[Dataset records]
lemma gen_alg_scalar_coordinate:
  assumes "odd (p+q) \<Longrightarrow> \<forall>f\<in>B. (\<lambda>y. clif_star (f y)) \<in> B"
    and f: "f \<in> gen_alg p q B" and S: "S \<subseteq> {1..p+q}"
  shows "(\<lambda>y. clif_scalar (f y S)) \<in> gen_alg p q B"
proof -
  let ?g = "\<lambda>y. clif_mult p q (clif_basis S) (f y)"
  have g: "?g \<in> gen_alg p q B"
    by (rule gen_alg_mult_const_left[OF clif_basis_in_carrier[OF S] f])
  have "clif_sign p S S * ?g y {} = f y S" for y
    using clif_mult_basis_left[OF S empty_subsetI] clif_sign_square
    by (simp add: mult.assoc[symmetric])
  then have "clif_sign p S S * clif_scalar (?g y {}) A = clif_scalar (f y S) A" for y A
    by (simp add: clif_scalar_def)
  with gen_scale[OF gen_alg_scalar_part[OF assms(1) g], of "clif_sign p S S"]
  show ?thesis by simp
qed

end

lemma clif_cont_coordinate: "f \<in> clif_cont n \<Longrightarrow> continuous_on K (\<lambda>y. f y S)"
  unfolding clif_cont_def
  by (auto intro: continuous_on_subset[OF continuous_on_product_then_coordinatewise])

lemma gen_alg_scalar_coordinates_separate:
  assumes B: "B \<subseteq> clif_cont (p+q)"
    and star: "odd (p+q) \<Longrightarrow> \<forall>f\<in>B. (\<lambda>y. clif_star (f y)) \<in> B"
    and F: "F \<in> B" "F x \<noteq> F y"
  shows "\<exists>h. continuous_on K h \<and> (\<lambda>z. clif_scalar (h z)) \<in> gen_alg p q B \<and> h x \<noteq> h y"
proof -
  have B_carrier: "\<forall>f\<in>B. \<forall>y. f y \<in> clif_carrier (p+q)"
    using B unfolding clif_cont_def by auto
  from F(2) obtain S where S: "F x S \<noteq> F y S" by (meson ext)
  have "S \<subseteq> {1..p+q}"
  proof (rule ccontr)
    assume "\<not> S \<subseteq> {1..p+q}"
    then have "F x S = 0" "F y S = 0"
      using B_carrier F(1) clif_carrier_outside by blast+
    with S show False by simp
  qed
  then have "(\<lambda>z. clif_scalar (F z S)) \<in> gen_alg p q B"
    using gen_alg_scalar_coordinate[OF B_carrier star gen_base[OF F(1)]] by blast
  moreover have "continuous_on K (\<lambda>z. F z S)"
    using B F(1) by (intro clif_cont_coordinate) blast
  ultimately show ?thesis
    using S by (intro exI[of _ "\<lambda>z. F z S"]) simp
qed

Work request.
Your task is to copy each line of the entries that includes the word "lemma".

Output below.
lemma gen_alg_scalar_coordinate:
lemma clif_cont_coordinate: "f \<in> clif_cont n \<Longrightarrow> continuous_on K (\<lambda>y. f y S)"
lemma gen_alg_scalar_coordinates_separate:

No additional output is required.